Selection is often done by matching keywords specified in the profiles. In advance of processing any sample text, words of interest are compiled in a dictionary. Each text sample is then processed by a keyword scanner, which consults the dictionary, looking for matches between dictionary words and substrings of the text. More generally, the text sample may be a sample stream consisting of arbitrary bytes, and the dictionary may consist of keywords or patterns of an arbitrary nature. In practice, such a keyword scanner need accommodate a large number of arbitrary keywords (say, ten thousand to one hundred thousand) and rapidly produce a vector of alarms, identifying keywords found and each occurrence location in the sample stream. Other processes may then use the alarm vector for selection and routing purposes.
The prior art contains several methods for searching a sample stream for all occurrences of dictionary keywords. One of the most successful approaches is the Aho-Corasick algorithm (A. V. Aho and M. J. Corasick, `Efficient String Matching: An Aid to Bibliographic Search,` Communications of the ACM, Vol.18, 1975, reprinted in Computer Algorithms: string pattern matching strategies, Jun-ichi Aoe, ed., IEEE Computer Press, Los Alamitos, Calif., pp. 78-85, 1994). The Aho-Corasick algorithm implements a finite state machine, which undergoes a transition with each byte read from the sample stream. When states representing the ends of keywords are reached, the keyword matches are reported. The Aho-Corasick algorithm must read every byte in the sample stream, limiting the speed unacceptably. It also requires a great deal of memory for fast operation.

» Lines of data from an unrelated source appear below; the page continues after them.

(* Let $(X_i)_{i\in\mathbb{T}}$ ($\mathbb{T}$ one of $\mathbb{Z},\mathbb{N},\mathbb{N}\setminus\{0\}$) be a stationary sequence of $\mathbb{R}^d$-valued random variables such that the distribution of $X_1$ is supported on a compact set $\mathbb{M}\subset\mathbb{R}^d$. Let $n\ge1$, $\epsilon>0$, and let $k,r$ be positive integers with $kr\le n$. For $1\le i\le k$ let $Y_{i,r}=(X_{(i-1)r+1},\ldots,X_{ir})^t\in\mathbb{R}^{dr}$, let $\mathbb{Y}_k=\{Y_{1,r},\ldots,Y_{k,r}\}$, and let $\mathbb{M}_{dr}\subset\mathbb{R}^{dr}$ be the support of $Y_{1,r}$. Then, with $\mathbb{X}_n=\{X_1,\ldots,X_n\}$, $$\mathbb{P}\big(d_H(\mathbb{X}_n,\mathbb{M})>\epsilon\big)\le \mathbb{P}\big(d_H(\mathbb{Y}_k,\mathbb{M}_{dr})>\epsilon\big)\le \frac{\sup_{x\in\mathbb{M}_{dr}}\mathbb{P}\big(\min_{1\le i\le k}\|Y_{i,r}-x\|>\epsilon/2\big)}{1-\sup_{x\in\mathbb{M}_{dr}}\mathbb{P}\big(\|Y_{1,r}-x\|>\epsilon/4\big)}.$$
   Context: The support of a random vector is the smallest closed set carrying its full mass. Norms are Euclidean. $d_H$ is the Hausdorff distance between closed sets: $d_H(A,B)=\max\big(\sup_{x\in A}\inf_{y\in B}\|x-y\|,\ \sup_{x\in B}\inf_{y\in A}\|x-y\|\big)$; finite sets of random points are viewed as subsets of the ambient Euclidean space. *)

theory Defs
  imports "HOL-Probability.Probability"
begin

text \<open>Stationarity of a sequence indexed by the naturals, required only for the
  indices \<open>\<ge> 1\<close> (this covers index sets Z, N and N without 0): all finite-dimensional
  distributions of consecutive windows starting at any index \<open>t \<ge> 1\<close> are shift-invariant.\<close>
definition stationary :: "'w measure \<Rightarrow> (nat \<Rightarrow> 'w \<Rightarrow> 'a::topological_space) \<Rightarrow> bool" where
  "stationary M X \<longleftrightarrow>
     (\<forall>m t h. t \<ge> 1 \<longrightarrow>
        distr M (\<Pi>\<^sub>M j\<in>{..<m}. borel) (\<lambda>w. \<lambda>j\<in>{..<m}. X (t + j) w)
      = distr M (\<Pi>\<^sub>M j\<in>{..<m}. borel) (\<lambda>w. \<lambda>j\<in>{..<m}. X (t + h + j) w))"

definition closed_wrt :: "('b \<Rightarrow> 'b \<Rightarrow> real) \<Rightarrow> 'b set \<Rightarrow> 'b set \<Rightarrow> bool" where
  "closed_wrt d S C \<longleftrightarrow> C \<subseteq> S \<and> (\<forall>x\<in>S. (\<forall>e>0. \<exists>y\<in>C. d x y < e) \<longrightarrow> x \<in> C)"

definition rv_support :: "'w measure \<Rightarrow> ('b \<Rightarrow> 'b \<Rightarrow> real) \<Rightarrow> 'b set \<Rightarrow> ('w \<Rightarrow> 'b) \<Rightarrow> 'b set" where
  "rv_support M d S Z = \<Inter>{C. closed_wrt d S C \<and> (AE w in M. Z w \<in> C)}"

definition hausdorff_dist :: "('b \<Rightarrow> 'b \<Rightarrow> real) \<Rightarrow> 'b set \<Rightarrow> 'b set \<Rightarrow> ereal" where
  "hausdorff_dist d A B =
     max (SUP x\<in>A. INF y\<in>B. ereal (d x y)) (SUP x\<in>B. INF y\<in>A. ereal (d x y))"

text \<open>R^(dr) modelled as blocks: extensional functions on \<open>{..<r}\<close> with values in R^d,
  with the Euclidean norm of the concatenated vector.\<close>
definition blocks :: "nat \<Rightarrow> (nat \<Rightarrow> 'a) set" where
  "blocks r = PiE {..<r} (\<lambda>_. UNIV)"

definition block_dist :: "nat \<Rightarrow> (nat \<Rightarrow> 'a::real_normed_vector) \<Rightarrow> (nat \<Rightarrow> 'a) \<Rightarrow> real" where
  "block_dist r y z = sqrt (\<Sum>j<r. (norm (y j - z j))\<^sup>2)"

end

theory Submission
  imports Defs
begin

text \<open>
  Almost surely every sample point lies in the corresponding support, so a Hausdorff distance
  exceeding \<open>\<epsilon>\<close> can only come from a point of the support that is \<open>\<epsilon>\<close>-far from all sample points.

  First inequality: the first coordinates of the points of \<open>M_dr\<close> are dense in \<open>M\<close>, so a point
  of \<open>M\<close> that is \<open>\<epsilon>\<close>-far from \<open>X_1, ..., X_n\<close> can be replaced by a point \<open>y\<close> of \<open>M_dr\<close> whose
  first coordinate is still \<open>\<epsilon>\<close>-far from them. The block distance dominates the distance of first
  coordinates, so \<open>y\<close> is \<open>\<epsilon>\<close>-far from all blocks.

  Second inequality: if \<open>x \<in> M_dr\<close> is \<open>\<epsilon>\<close>-far from all blocks, an independent copy \<open>Y'\<close> of \<open>Y_1\<close>
  satisfies \<open>\<parallel>Y' - x\<parallel> \<le> \<epsilon>/4\<close> with probability at least \<open>1 - s\<close>, where \<open>s\<close> is the supremum
  in the denominator, and then all blocks are \<open>\<epsilon>/2\<close>-far from \<open>Y'\<close>. Integrating over \<open>Y'\<close>
  first instead (Fubini), the probability of the latter event is at most the supremum in the
  numerator.

  Supports in separable spaces carry full mass, and replacing them by countable dense subsets
  makes the Hausdorff events measurable.
\<close>

definition dense_wrt :: "('b \<Rightarrow> 'b \<Rightarrow> real) \<Rightarrow> 'b set \<Rightarrow> 'b set \<Rightarrow> bool" where
  "dense_wrt d T D \<longleftrightarrow> (\<forall>y\<in>T. \<forall>e>0. \<exists>x\<in>D. d y x < e)"

section \<open>The block metric\<close>

lemma block_dist_eq_L2_set: "block_dist r y z = L2_set (\<lambda>j. norm (y j - z j)) {..<r}"
  unfolding block_dist_def L2_set_def by simp

lemma block_dist_commute: "block_dist r y z = block_dist r z y"
  by (simp add: block_dist_def norm_minus_commute)
definition independent_set :: "('a \<Rightarrow> 'a \<Rightarrow> bool) \<Rightarrow> 'a set \<Rightarrow> bool" where
  "independent_set E S \<longleftrightarrow> (\<forall>x\<in>S. \<forall>y\<in>S. \<not> E x y)"

definition independence_number :: "'a set \<Rightarrow> ('a \<Rightarrow> 'a \<Rightarrow> bool) \<Rightarrow> nat" where
  "independence_number V E = Max {card S | S. S \<subseteq> V \<and> independent_set E S}"

definition strong_prod ::
  "'a set \<Rightarrow> ('a \<Rightarrow> 'a \<Rightarrow> bool) \<Rightarrow> 'b set \<Rightarrow> ('b \<Rightarrow> 'b \<Rightarrow> bool) \<Rightarrow> ('a \<times> 'b) \<Rightarrow> ('a \<times> 'b) \<Rightarrow> bool" where
  "strong_prod V1 E1 V2 E2 = (\<lambda>(g1, h1) (g2, h2).
     g1 \<in> V1 \<and> g2 \<in> V1 \<and> h1 \<in> V2 \<and> h2 \<in> V2 \<and>
     ((E1 g1 g2 \<and> h1 = h2) \<or> (g1 = g2 \<and> E2 h1 h2) \<or> (E1 g1 g2 \<and> E2 h1 h2)))"

definition lexicographic_prod ::
  "'a set \<Rightarrow> ('a \<Rightarrow> 'a \<Rightarrow> bool) \<Rightarrow> 'b set \<Rightarrow> ('b \<Rightarrow> 'b \<Rightarrow> bool) \<Rightarrow> ('a \<times> 'b) \<Rightarrow> ('a \<times> 'b) \<Rightarrow> bool" where
  "lexicographic_prod V1 E1 V2 E2 = (\<lambda>(g1, h1) (g2, h2).
     g1 \<in> V1 \<and> g2 \<in> V1 \<and> h1 \<in> V2 \<and> h2 \<in> V2 \<and>
     (E1 g1 g2 \<or> (g1 = g2 \<and> E2 h1 h2)))"

end

theory Submission
  imports Defs
begin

An alternative method was disclosed by Commentz-Walter (B. Commentz-Walter, `A String Matching Algorithm Fast on the Average,` Proceedings of the International Colloquium on Automata, Languages and Programming, Lecture Notes in Computer Science, Vol. 71, H. A. Mauer, ed., Springer-Verlag, Berlin, 1979) and improved by Baeza-Yates and Regnier (R. Baeza-Yates and M. Regnier, `Fast Algorithms for Two Dimensional and Multiple Pattern Matching,` SWAT 90, 2nd Scandinavian Workshop on Algorithm Theory, Lecture Notes in Computer Science, Vol. 447, J. R. Gilbert and R. Karlsson, eds., Springer-Verlag, Berlin, pp. 332-347, 1990). This method, too, employs a finite state machine, driven by bytes taken backwards from a pivot point in the sample stream. Unlike the Aho-Corasick algorithm, it may "skip" (without examinination) some of the sample stream bytes by advancing the pivot by more than one byte, but it is slowed by the need to revisit bytes already examined. For large dictionaries, revisiting dominates skipping, and it is slower than the algorithm of Aho-Corasick. It has memory requirement commensurate with the Aho-Corasick algorithm.
Other methods require the use of special-purpose hardware to be competitive.